In November 2021, the Syrian opposition appointed him as the Grand Mufti of Syria. He became the first person to hold the title since the position was abolished in 2021 by the Assad government. After the fall of Assad regime in December 2024, he was appointed as the official Grand Mufti on 28 March 2025 by President Ahmed al-Sharaa.

== Controversies ==

=== Appointment ===
Some Salafist figures, including the cleric Tariq Abdelhaleem and the Telegram channel Aqwal al-Arab, criticised the Syrian authorities for appointing a "polytheist, Asharite, Mu'tazilite tomb-worshipper" to the position of grand mufti. Al-Rifai was also attacked by them for previously issuing a fatwa supporting the expulsion of foreign fighters from Syria.

=== Gender roles ===
Al-Rifai has been criticized for remarks regarding gender roles and foreign influence in Syria. During a sermon in Azaz, he alleged that United Nations workers and other organizations were promoting women's liberation ideas that he viewed as disruptive to Syrian family structures.

=== Shia Islam ===
Al-Rifai has been accused of holding sectarian positions against Shia Muslims, having declared Shiites to be apostates and a “danger to Islam” who bear a "great hatred to Sunni Muslims" in a 2020 sermon.

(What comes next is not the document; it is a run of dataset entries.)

lemma abs_integral_le_exp_weighted:
  fixes F u :: "real \<Rightarrow> real"
  assumes "integrable (lebesgue_on {0..1}) (\<lambda>y. exp (-\<nu>*y) * \<bar>u y\<bar>)" "C \<ge> 0"
    and "\<And>y. y \<in> {0..1} \<Longrightarrow> \<bar>F y\<bar> \<le> C * (exp (-\<nu>*y) * \<bar>u y\<bar>)"
  shows "\<bar>integral\<^sup>L (lebesgue_on {0..1}) F\<bar> \<le> C * integral\<^sup>L (lebesgue_on {0..1}) (\<lambda>y. exp (-\<nu>*y) * \<bar>u y\<bar>)"
proof -
  have "\<bar>integral\<^sup>L (lebesgue_on {0..1}) F\<bar> \<le> integral\<^sup>L (lebesgue_on {0..1}) (\<lambda>y. \<bar>F y\<bar>)"
    by (rule integral_abs_bound)
  also have "\<dots> \<le> integral\<^sup>L (lebesgue_on {0..1}) (\<lambda>y. C * (exp (-\<nu>*y) * \<bar>u y\<bar>))"
    by (rule integral_mono') (use assms in auto)
  finally show ?thesis by simp
qed

lemma Lp_bounded_by_exp_kernel:
  assumes p: "1 \<le> p" and nu: "\<nu> > 0" and E: "E \<ge> 0"
    and bd: "\<And>u t. inLp p u \<Longrightarrow> t \<in> {0..1} \<Longrightarrow>
       \<bar>T u t\<bar> \<le> E * exp (\<nu>*t) * integral\<^sup>L (lebesgue_on {0..1}) (\<lambda>y. exp (-\<nu>*y) * \<bar>u y\<bar>)"
  shows "Lp_bounded_by p T (E * (exp_Lp_norm p \<nu> * exp_neg_Lq_norm p \<nu>))"
  unfolding Lp_bounded_by_def
proof (intro allI impI)
  fix u assume u: "inLp p u" and u1: "lpnorm p u \<le> 1"
  define I where "I = integral\<^sup>L (lebesgue_on {0..1}) (\<lambda>y. exp (-\<nu>*y) * \<bar>u y\<bar>)"
  have I0: "0 \<le> I" unfolding I_def by (intro integral_nonneg_AE AE_I2) simp
  have "I \<le> exp_neg_Lq_norm p \<nu> * lpnorm p u" unfolding I_def by (rule Holder_exp_neg(2)[OF p nu u])
  also have "\<dots> \<le> exp_neg_Lq_norm p \<nu>"
    using u1 exp_neg_Lq_norm_nonneg[OF nu] by (simp add: mult_left_le)
  finally have I1: "I \<le> exp_neg_Lq_norm p \<nu>" .
  have "lpnorm p (T u) \<le> (E * I) * exp_Lp_norm p \<nu>"
    by (rule lpnorm_le_exp_bound[OF p nu]) (use E I0 bd[OF u] in \<open>auto simp: I_def mult_ac\<close>)
  also have "\<dots> \<le> (E * exp_neg_Lq_norm p \<nu>) * exp_Lp_norm p \<nu>"
    using I1 E exp_Lp_norm_nonneg[OF nu] by (intro mult_right_mono mult_left_mono) auto
  finally show "lpnorm p (T u) \<le> E * (exp_Lp_norm p \<nu> * exp_neg_Lq_norm p \<nu>)" by (simp add: mult_ac)
qed

lemma Cp_pos: "1 \<le> p \<Longrightarrow> Cp p > 0"
  unfolding Cp_def Let_def by (cases p) (auto intro!: divide_pos_pos mult_pos_pos)

lemma Cp_ereal_eq:
  assumes r: "r > 1"
  shows "Cp (ereal r) = (1/(r-1)) powr (1/r) / (1 + 1/(r-1))"
proof -
  define q where "q = r/(r-1)"
  have q0: "q > 0" and r0: "r > 0" using r by (auto simp: q_def)
  have "1/r - 1 = -(1/q)" unfolding q_def using r by (simp add: field_simps)
  then have "q powr (1/r) / q = 1 / q powr (1/q)"
    using q0 powr_diff[of q "1/r" 1] by (simp add: powr_minus_divide)
  have "1/(r-1) = q/r" "1 + 1/(r-1) = q" unfolding q_def using r by (auto simp: field_simps)
  then have "(1/(r-1)) powr (1/r) / (1 + 1/(r-1)) = q powr (1/r) / r powr (1/r) / q"
    using q0 r0 by (simp add: powr_divide)
  also have "\<dots> = (q powr (1/r) / q) / r powr (1/r)" by simp
  finally have "(1/(r-1)) powr (1/r) / (1 + 1/(r-1)) = 1 / (r powr (1/r) * q powr (1/q))"
    unfolding \<open>q powr (1/r) / q = 1 / q powr (1/q)\<close> by simp
  moreover have "Cp (ereal r) = 1 / (r powr (1/r) * q powr (1/q))"
    using r unfolding Cp_def q_def by (simp add: one_ereal_def Let_def)
  ultimately show ?thesis by simp
qed

lemma exp_norms_product_tendsto_Cp:
  assumes p: "1 \<le> p"
  shows "((\<lambda>\<nu>. exp_Lp_norm p \<nu> * exp_neg_Lq_norm p \<nu> * \<nu> * exp (-\<nu>)) \<longlongrightarrow> Cp p) at_top"
proof -
  consider "p = \<infinity> \<or> p = 1" | r where "p = ereal r" "r > 1"
    using Lp_exponent_cases[OF p] by metis
  then show ?thesis
  proof cases
    case 1
    have "\<forall>\<^sub>F \<nu> in at_top. 1 - exp (-\<nu>) = exp_Lp_norm p \<nu> * exp_neg_Lq_norm p \<nu> * \<nu> * exp (-\<nu>)"
      using eventually_gt_at_top[of "0::real"]
      by eventually_elim (use 1 in \<open>auto simp: exp_Lp_norm_def exp_neg_Lq_norm_def field_simps exp_minus\<close>)
    moreover have "((\<lambda>\<nu>::real. 1 - exp (-\<nu>)) \<longlongrightarrow> 1) at_top" by real_asymp
    ultimately show ?thesis using 1 by (auto simp: Cp_def intro: Lim_transform_eventually)
  next
    case 2
    define r where "r = real_of_ereal p"
    define q where "q = r/(r-1)"
    have r1: "r > 1" and q1: "q > 1" unfolding r_def q_def using 2 by (auto simp: field_simps)
    have rq: "1/r + 1/q = 1" unfolding q_def using r1 by (simp add: field_simps)
    define K where "K = r powr (1/r) * q powr (1/q)"
    have "Cp p = 1 / K" using 2 r1 unfolding Cp_def K_def q_def r_def by (auto simp: one_ereal_def Let_def)
    moreover have "\<forall>\<^sub>F \<nu> in at_top. (1 - exp (-r*\<nu>)) powr (1/r) * (1 - exp (-q*\<nu>)) powr (1/q) / K
        = exp_Lp_norm p \<nu> * exp_neg_Lq_norm p \<nu> * \<nu> * exp (-\<nu>)"
      using eventually_gt_at_top[of "0::real"]
    proof eventually_elim
      case (elim \<nu>)
      have A: "exp_Lp_norm p \<nu> = exp \<nu> * ((1 - exp (-r*\<nu>)) powr (1/r) / (r powr (1/r) * \<nu> powr (1/r)))"
        using 2 r1 elim by (simp add: exp_Lp_norm_def r_def powr_divide powr_mult)
      have B: "exp_neg_Lq_norm p \<nu> = (1 - exp (-q*\<nu>)) powr (1/q) / (q powr (1/q) * \<nu> powr (1/q))"
        using 2 r1 q1 elim by (simp add: exp_neg_Lq_norm_def Let_def r_def q_def one_ereal_def powr_divide powr_mult)
      have "exp_Lp_norm p \<nu> * exp_neg_Lq_norm p \<nu> * \<nu> * exp (-\<nu>) =
          (1 - exp (-r*\<nu>)) powr (1/r) * (1 - exp (-q*\<nu>)) powr (1/q) / K
          * (\<nu> / (\<nu> powr (1/r) * \<nu> powr (1/q))) * (exp \<nu> * exp (-\<nu>))"
        unfolding A B K_def by (simp add: field_simps)
      moreover have "\<nu> powr (1/r) * \<nu> powr (1/q) = \<nu>"
        using elim rq by (simp add: powr_add[symmetric])
      ultimately show ?case using elim by (simp add: exp_minus)
    qed
    moreover have "((\<lambda>\<nu>. (1 - exp (-r*\<nu>)) powr (1/r) * (1 - exp (-q*\<nu>)) powr (1/q) / K) \<longlongrightarrow> 1 powr (1/r) * 1 powr (1/q) / K) at_top"
      using r1 q1 by (intro tendsto_intros) (real_asymp, simp, real_asymp, auto simp: K_def)
    ultimately show ?thesis by (auto intro: Lim_transform_eventually)
  qed
qed

section \<open>The kernel of \<open>V_k^n\<close>\<close>

lemma powr_le_exp_mult_minus_1:
  fixes N x :: real
  assumes "N \<ge> 0" "x \<ge> 0"
  shows "x powr N \<le> exp (N*(x-1))"
proof (cases "x = 0")
  case False
  then have x: "x > 0" using assms by simp
  have "N * ln x \<le> N * (x-1)" using assms ln_le_minus_one[OF x] by (intro mult_left_mono) auto
  then show ?thesis using x by (simp add: powr_def mult.commute)
qed simp

lemma exp_le_on_lower_half:
  fixes N x :: real
  assumes N: "N > 0" and x: "x \<le> 1/2"
  shows "exp (N*(x-1)) \<le> (32/N) * exp ((N/2)*(x-1))"
proof -
  have "(N/2)*(x-1) \<le> -(N/4)" using x N by (simp add: field_simps)
  then have "exp ((N/2)*(x-1)) \<le> exp (-(N/4))" by simp
  also have "\<dots> \<le> 4/N"
    using exp_ge_add_one_self[of "N/4"] N by (simp add: exp_minus field_simps)
  also have "\<dots> \<le> 32/N" using N by (simp add: field_simps)
  finally have "exp ((N/2)*(x-1)) \<le> 32/N" .
  have "exp (N*(x-1)) = exp ((N/2)*(x-1)) * exp ((N/2)*(x-1))"
    by (simp flip: exp_add)
  also have "\<dots> \<le> (32/N) * exp ((N/2)*(x-1))"
    using \<open>exp ((N/2)*(x-1)) \<le> 32/N\<close> by (intro mult_right_mono) auto
  finally show ?thesis .
qed

lemma exp_minus_powr_le_on_upper_half:
  fixes N x :: real
  assumes N: "N > 0" and x: "1/2 \<le> x" "x \<le> 1"
  shows "exp (N*(x-1)) - x powr N \<le> (32/N) * exp ((N/2)*(x-1))"
proof -
  define y where "y = 1 - x"
  have y: "0 \<le> y" "y \<le> 1/2" using x unfolding y_def by auto
  define h where "h = x - 1 - ln x"
  have h: "h \<le> 2*y^2" using ln_one_minus_pos_lower_bound[OF y] unfolding h_def y_def by simp
  have "x powr N = exp (N*(x-1)) * exp (-(N*h))"
    using x by (simp add: powr_def h_def exp_add[symmetric] algebra_simps)
  then have "exp (N*(x-1)) - x powr N = exp (N*(x-1)) * (1 - exp (-(N*h)))"
    by (simp add: algebra_simps)
  also have "\<dots> \<le> exp (N*(x-1)) * (2*N*y^2)"
  proof -
    have "N*h \<le> N*(2*y^2)" using h N by (intro mult_left_mono) auto
    then show ?thesis using exp_ge_add_one_self[of "-(N*h)"] by (intro mult_left_mono) auto
  qed
  also have "\<dots> = exp ((N/2)*(x-1)) * ((8/N) * ((N*y/2)^2 * exp (-(N*y/2))))"
  proof -
    have "exp (N*(x-1)) = exp ((N/2)*(x-1)) * exp (-(N*y/2))"
      by (simp add: y_def field_simps flip: exp_add)
    then show ?thesis using N by (simp add: power2_eq_square field_simps)
  qed
  also have "\<dots> \<le> exp ((N/2)*(x-1)) * (32/N)"
  proof -
    \<comment> \<open>\<open>z^2 \<le> 4 exp z\<close> for \<open>z \<ge> 0\<close>, from \<open>z/2 \<le> exp (z/2)\<close>\<close>
    have "N*y/4 \<le> exp (N*y/4)" using exp_ge_add_one_self[of "N*y/4"] by linarith
    then have "(N*y/4)^2 \<le> (exp (N*y/4))^2" using y N by (intro power_mono) auto
    then have "(N*y/2)^2 \<le> 4 * exp (N*y/2)"
      by (simp add: power2_eq_square exp_add[symmetric] field_simps)
    then have "(N*y/2)^2 * exp (-(N*y/2)) \<le> 4"
      by (simp add: exp_minus field_simps)
    then show ?thesis using N by (intro mult_left_mono) (auto simp: field_simps)
  qed
  finally show ?thesis by (simp add: mult_ac)
qed

lemma abs_powr_minus_exp_le:
  fixes N x :: real
  assumes N: "N \<ge> 2" and x: "x \<le> 1"
  shows "\<bar>(if x \<ge> 0 then x powr N else 0) - exp (N*(x-1))\<bar> \<le> (32/N) * exp ((N/2)*(x-1))"
proof (cases "x \<le> 1/2")
  case True
  define k where "k = (if x \<ge> 0 then x powr N else 0)"
  have "0 \<le> k" "k \<le> exp (N*(x-1))" unfolding k_def using powr_le_exp_mult_minus_1[of N x] N by auto
  moreover have "exp (N*(x-1)) \<le> (32/N) * exp ((N/2)*(x-1))"
    by (rule exp_le_on_lower_half) (use N True in auto)
  ultimately show ?thesis unfolding k_def[symmetric] by (simp only: abs_le_iff) (intro conjI; linarith)
next
  case False
  have "x powr N \<le> exp (N*(x-1))" using powr_le_exp_mult_minus_1[of N x] N False by simp
  moreover have "exp (N*(x-1)) - x powr N \<le> (32/N) * exp ((N/2)*(x-1))"
    by (rule exp_minus_powr_le_on_upper_half) (use N x False in auto)
  ultimately have "\<bar>x powr N - exp (N*(x-1))\<bar> \<le> (32/N) * exp ((N/2)*(x-1))"
    by (subst abs_of_nonpos) linarith+
  then show ?thesis using False by simp
qed

lemma powr_exp_ge_near_1:
  fixes n x \<mu> \<delta> :: real
  assumes d: "0 < \<delta>" "\<delta> \<le> 1/4" and n: "n \<ge> 1" and x: "1 - 2*\<delta> \<le> x" "x \<le> 1"
  shows "exp (((n-1)/(1-2*\<delta>))*(x-1)) * exp (\<mu> - 2*\<delta>*\<bar>\<mu>\<bar>) \<le> x powr (n-1) * exp (\<mu>*x)"
proof -
  have x0: "x > 0" and dd: "1 - 2*\<delta> > 0" using d x by auto
  have "ln (1/x) \<le> 1/x - 1" using x0 by (intro ln_le_minus_one) simp
  then have "(x-1)/x \<le> ln x" using x0 by (simp add: ln_div field_simps)
  moreover have "(x-1)/(1-2*\<delta>) \<le> (x-1)/x"
    using x dd x0 by (intro divide_left_mono_neg) (auto intro: mult_pos_pos)
  ultimately have "(n-1) * ((x-1)/(1-2*\<delta>)) \<le> (n-1) * ln x"
    using n by (intro mult_left_mono) auto
  then have "exp (((n-1)/(1-2*\<delta>))*(x-1)) \<le> x powr (n-1)"
    using x0 by (simp add: powr_def mult.commute)
  moreover have "\<mu> - 2*\<delta>*\<bar>\<mu>\<bar> \<le> \<mu>*x"
  proof -
    have "\<bar>\<mu>*(x-1)\<bar> \<le> \<bar>\<mu>\<bar> * (2*\<delta>)"
      using x d by (simp add: abs_mult) (intro mult_left_mono, auto)
    then show ?thesis by (simp add: abs_le_iff algebra_simps)
  qed
  ultimately show ?thesis by (intro mult_mono) auto
qed

lemma exp_mult_diff: "exp (a * (t - y)) = exp (a * t) * exp (-a * y)" for a t y :: real
  by (simp add: right_diff_distrib exp_diff exp_minus field_simps)

definition Vk_kernel :: "real \<Rightarrow> real \<Rightarrow> real \<Rightarrow> real" where
  "Vk_kernel \<mu> n x = (if 0 \<le> x then x powr (n - 1) * exp (\<mu> * x) / Gamma n else 0)"

lemma Vk_kernel_measurable [measurable]: "Vk_kernel \<mu> n \<in> borel_measurable borel"
  unfolding Vk_kernel_def by measurable

lemma Vk_eq_integral_kernel:
  assumes "t \<in> {0..1}"
  shows "Vk \<mu> n u t = integral\<^sup>L (lebesgue_on {0..1}) (\<lambda>y. Vk_kernel \<mu> n (t - y) * u y)"
proof -
  have "Vk \<mu> n u t = integral\<^sup>L (lebesgue_on {0..1})
      (\<lambda>y. indicator {0..t} y * ((t - y) powr (n - 1) * exp (\<mu> * (t - y)) / Gamma n * u y))"
    unfolding Vk_def using assms by (simp add: integral_lebesgue_on_01_indicator)
  also have "\<dots> = integral\<^sup>L (lebesgue_on {0..1}) (\<lambda>y. Vk_kernel \<mu> n (t - y) * u y)"
    by (intro Bochner_Integration.integral_cong) (auto simp: Vk_kernel_def indicator_def)
  finally show ?thesis .
qed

=== Meeting with Ismail Haniyeh ===
In July 2022, Al-Rifai attended a meeting honouring Hamas leader Ismail Haniyeh's granddaughter for becoming a Hafiza of the Qur'an. This caused controversy among the Syrian opposition groups, as Hamas had recently restored its relations with the Ba'athist-led regime at the time. The Syrian Islamic Council's spokesperson later claimed that they had discouraged Hamas from taking this course of action during the meeting.